Absolutely incredible.
It goes to show, no matter how far fetched an idea may seem in brainstorming stages,
if a product will benefit a person, a product will succeed.
Pebble
before February, no Kickstarter project had ever raised over $1 million, but since then, seven projects have surpassed $1 million, including the current #1, Pebble, which raised an astonishing $10 million. And this growth applies to multiple categories, not just sexy wrist watches.
Ministry of Supply
Ministry of Supply set out to raise $30K and has raised $288K to date, sneaking up on the $291K raised by Flint & Tinder for their men's underwear - currently the most-funded fashion project on Kickstarter.
Coffee Joulies
Dave Jackson and Dave Petrillo, two mechanical engineers from New Jersey, were tired of the foibles inherent to coffee drinking...The team set out to raise $9,500 but brought in over $300K and is one of the top 15 Design projects on Kickstarter to date.
Ramos Alarm Clock
The Ramos Alarm Clock was developed by a team of engineers in NYC. It’s an old-school, neat-looking clock that displays time in a funky way and includes a wireless alarm deactivation panel that forces you to get out of bed to turn off the alarm. The team set out to raise $75K, but made double that and was even teased on Saturday Night Live.
ZPM Expresso
ZPM Espresso, the makers of a high-tech espresso machine called the Nocturn, set out to raise $20K, but made nearly $370K on Kickstarter. The machine offers PID controls, programmable presets, adjustable temperature and pressure settings, and open-source software to boot — to the delight of coffee geeks everywhere.
Amanda Palmer
Amanda Palmer has the most-funded Music project on Kickstarter to date. She set a $100K goal and made over $1.1 million. Amanda’s goal was pretty simple: It was to raise money to release her new album.
Read the full article at Kickstarter Fastlaners
Absolutely incredible.
It goes to show, no matter how far fetched an idea may seem in brainstorming stages,
if a product will benefit a person, a product will succeed.
I spent some time reading the different projects on kickstarter last night!
I was SHOCKED by some of the things that got funded. In my mind I kept checking it against NECST and a lot of it wasn't meeting that formula, but almost all of the projects I saw were funded WAY over budget...
Anyone have any stories of funding businesses from a napkin?
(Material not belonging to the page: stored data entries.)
lemma distr_observe:
  assumes v: "v > 0"
  shows "distr (noise_measure N v) (PiM {..<N} (\<lambda>_. lborel)) (observe N x) = PiM {..<N} (\<lambda>j. normal_measure (x j) v)"
proof -
  interpret Q: product_prob_space "\<lambda>j. normal_measure (x j) v" "{..<N}"
    using product_prob_space_normal_measure[OF v] .
  interpret P: product_prob_space "\<lambda>_. normal_measure 0 v" "{..<N}"
    using product_prob_space_normal_measure[OF v] .
  show ?thesis
  proof (rule Q.PiM_eqI)
    fix A assume A: "\<And>j. j \<in> {..<N} \<Longrightarrow> A j \<in> sets (normal_measure (x j) v)"
    have "PiE {..<N} A \<in> sets (PiM {..<N} (\<lambda>_. lborel))"
      using A by (intro sets_PiM_I_finite) simp_all
    then have "emeasure (distr (noise_measure N v) (PiM {..<N} (\<lambda>_. lborel)) (observe N x)) (PiE {..<N} A)
        = emeasure (noise_measure N v) (PiE {..<N} (\<lambda>j. {t. x j + t \<in> A j}))"
      by (simp add: emeasure_distr vimage_observe_PiE)
    also have "\<dots> = (\<Prod>j<N. emeasure (normal_measure 0 v) {t. x j + t \<in> A j})"
    proof -
      have "{t. x j + t \<in> A j} \<in> sets borel" if "j < N" for j
      proof -
        have [measurable]: "A j \<in> sets borel"
          using A that by simp
        show ?thesis
          by measurable
      qed
      then show ?thesis
        unfolding noise_measure_eq by (subst P.emeasure_PiM) simp_all
    qed
    also have "\<dots> = (\<Prod>j<N. emeasure (normal_measure (x j) v) (A j))"
      using A by (intro prod.cong refl emeasure_normal_measure_shift) simp_all
    finally show "emeasure (distr (noise_measure N v) (PiM {..<N} (\<lambda>_. lborel)) (observe N x)) (PiE {..<N} A)
        = (\<Prod>j\<in>{..<N}. emeasure (normal_measure (x j) v) (A j))"
      by simp
  qed (simp, unfold sets_distr, rule sets_PiM_cong, simp_all)
qed

lemma density_obs_density:
  assumes v: "v > 0"
  shows "density (PiM {..<N} (\<lambda>_. lborel)) (obs_density N v x) = PiM {..<N} (\<lambda>j. normal_measure (x j) v)"
proof -
  interpret Q: product_prob_space "\<lambda>j. normal_measure (x j) v" "{..<N}"
    using product_prob_space_normal_measure[OF v] .
  interpret L: product_sigma_finite "\<lambda>_::nat. lborel :: real measure"
    by (simp add: product_sigma_finite_def lborel.sigma_finite_measure_axioms)
  show ?thesis
  proof (rule Q.PiM_eqI)
    fix A assume A: "\<And>j. j \<in> {..<N} \<Longrightarrow> A j \<in> sets (normal_measure (x j) v)"
    let ?f = "\<lambda>j s. ennreal (normal_density (x j) (sqrt v) s) * indicator (A j) s"
    have f_meas: "?f j \<in> borel_measurable lborel" if "j < N" for j
    proof -
      have [measurable]: "A j \<in> sets borel"
        using A that by simp
      show ?thesis
        by measurable
    qed
    have "PiE {..<N} A \<in> sets (PiM {..<N} (\<lambda>_. lborel))"
      using A by (intro sets_PiM_I_finite) simp_all
    then have "emeasure (density (PiM {..<N} (\<lambda>_. lborel)) (obs_density N v x)) (PiE {..<N} A)
        = (\<integral>\<^sup>+y. ennreal (obs_density N v x y) * indicator (PiE {..<N} A) y \<partial>PiM {..<N} (\<lambda>_. lborel))"
      by (rule emeasure_density[rotated]) measurable
    also have "\<dots> = (\<integral>\<^sup>+y. (\<Prod>j<N. ?f j (y j)) \<partial>PiM {..<N} (\<lambda>_. lborel))"
    proof (rule nn_integral_cong)
      fix y assume "y \<in> space (PiM {..<N} (\<lambda>_. lborel :: real measure))"
      then have "indicator (PiE {..<N} A) y = (\<Prod>j<N. indicator (A j) (y j) :: ennreal)"
        by (auto simp: indicator_def space_PiM PiE_iff)
      then show "ennreal (obs_density N v x y) * indicator (PiE {..<N} A) y = (\<Prod>j<N. ?f j (y j))"
        by (simp add: obs_density_def prod.distrib prod_ennreal)
    qed
    also have "\<dots> = (\<Prod>j<N. \<integral>\<^sup>+s. ?f j s \<partial>lborel)"
      using f_meas by (intro L.product_nn_integral_prod) simp_all
    also have "\<dots> = (\<Prod>j<N. emeasure (normal_measure (x j) v) (A j))"
      using A unfolding normal_measure_def by (intro prod.cong refl emeasure_density[symmetric]) simp_all
    finally show "emeasure (density (PiM {..<N} (\<lambda>_. lborel)) (obs_density N v x)) (PiE {..<N} A)
        = (\<Prod>j\<in>{..<N}. emeasure (normal_measure (x j) v) (A j))"
      by simp
  qed (simp, unfold sets_density, rule sets_PiM_cong, simp_all)
qed

lemma nn_integral_observe:
  assumes v: "v > 0" and [measurable]: "h \<in> borel_measurable (PiM {..<N} (\<lambda>_. lborel))"
  shows "(\<integral>\<^sup>+\<omega>. h (observe N x \<omega>) \<partial>noise_measure N v)
    = (\<integral>\<^sup>+y. ennreal (obs_density N v x y) * h y \<partial>PiM {..<N} (\<lambda>_. lborel))"
proof -
  have "(\<integral>\<^sup>+\<omega>. h (observe N x \<omega>) \<partial>noise_measure N v)
      = (\<integral>\<^sup>+y. h y \<partial>distr (noise_measure N v) (PiM {..<N} (\<lambda>_. lborel)) (observe N x))"
    by (rule nn_integral_distr[symmetric]) auto
  also have "\<dots> = (\<integral>\<^sup>+y. h y \<partial>density (PiM {..<N} (\<lambda>_. lborel)) (obs_density N v x))"
    by (simp add: distr_observe[OF v] density_obs_density[OF v])
  also have "\<dots> = (\<integral>\<^sup>+y. ennreal (obs_density N v x y) * h y \<partial>PiM {..<N} (\<lambda>_. lborel))"
    by (rule nn_integral_density) auto
  finally show ?thesis .
qed

lemma nn_integral_sum_obs_density:
  assumes v: "v > 0" and X: "finite X"
    and [measurable]: "\<And>x. x \<in> X \<Longrightarrow> f x \<in> borel_measurable (PiM {..<N} (\<lambda>_. lborel))"
  shows "(\<integral>\<^sup>+y. (\<Sum>x\<in>X. ennreal (obs_density N v x y) * f x y) \<partial>PiM {..<N} (\<lambda>_. lborel))
    = (\<Sum>x\<in>X. \<integral>\<^sup>+\<omega>. f x (observe N x \<omega>) \<partial>noise_measure N v)"
  using X by (subst nn_integral_sum) (auto simp: nn_integral_observe[OF v])

section \<open>Sparse vectors and posterior odds\<close>

lemma finite_sparse_set: "finite U \<Longrightarrow> finite (sparse_set U N k)"
proof -
  assume "finite U"
  then have "finite {f. \<forall>i. (i \<in> {..<N} \<longrightarrow> f i \<in> insert 0 U) \<and> (i \<notin> {..<N} \<longrightarrow> f i = (0::real))}"
    by (intro finite_set_of_finite_funs) auto
  moreover have "sparse_set U N k \<subseteq> {f. \<forall>i. (i \<in> {..<N} \<longrightarrow> f i \<in> insert 0 U) \<and> (i \<notin> {..<N} \<longrightarrow> f i = 0)}"
    unfolding sparse_set_def by auto
  ultimately show ?thesis
    by (rule finite_subset[rotated])
qed

lemma sparse_setD:
  assumes "x \<in> sparse_set U N k"
  shows "card {i. i < N \<and> x i \<noteq> 0} = k" and "\<And>i. i < N \<Longrightarrow> x i \<noteq> 0 \<Longrightarrow> x i \<in> U"
    and "\<And>i. N \<le> i \<Longrightarrow> x i = 0"
  using assms by (auto simp: sparse_set_def)

lemma card_zeros_sparse_set:
  assumes "x \<in> sparse_set U N k"
  shows "card {j. j < N \<and> x j = 0} = N - k"
proof -
  have "{j. j < N \<and> x j = 0} \<union> {j. j < N \<and> x j \<noteq> 0} = {..<N}"
    by auto
  moreover have "card ({j. j < N \<and> x j = 0} \<union> {j. j < N \<and> x j \<noteq> 0})
      = card {j. j < N \<and> x j = 0} + card {j. j < N \<and> x j \<noteq> 0}"
    by (rule card_Un_disjoint) auto
  ultimately show ?thesis
    using sparse_setD(1)[OF assms] by simp
qed

definition move_entry :: "nat \<Rightarrow> nat \<Rightarrow> (nat \<Rightarrow> real) \<Rightarrow> nat \<Rightarrow> real" where
  "move_entry i j x = x(i := 0, j := x i)"

lemma move_entry_in_sparse_set:
  assumes x: "x \<in> sparse_set U N k" and i: "i < N" "x i \<noteq> 0" and j: "j < N" "x j = 0"
  shows "move_entry i j x \<in> sparse_set U N k"
proof -
  let ?S = "{l. l < N \<and> x l \<noteq> 0}"
  have "i \<noteq> j"
    using i j by auto
  then have "{l. l < N \<and> move_entry i j x l \<noteq> 0} = insert j (?S - {i})"
    using i j by (auto simp: move_entry_def)
  moreover have "card (insert j (?S - {i})) = k"
  proof -
    have "0 < card ?S"
      using i by (auto simp: card_gt_0_iff)
    then show ?thesis
      using sparse_setD(1)[OF x] i j by (simp add: card_Diff_singleton)
  qed
  ultimately show ?thesis
    using sparse_setD[OF x] i j \<open>i \<noteq> j\<close> by (auto simp: sparse_set_def move_entry_def)
qed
So im curious...investors don't seem interested in investing money to actually develop the product, too risky, they usually want product+sales etc. So have people raised money on crowd funding sites with prototypes/concepts. Usually its the entrepreneur/inventor who fronts the development cost. Physical products can be expensive to develop.
155 kph

Thats true for some investors. But for some startups, especially in the B2C space its important to "sell the dream" to investors. Of course a prototype and some users/customers always help. But this can also backfire if your user/customer base grows to slowly for investors to consider you worthwhile. For B2B you can try to get pre-sale agreements with customers to finance development.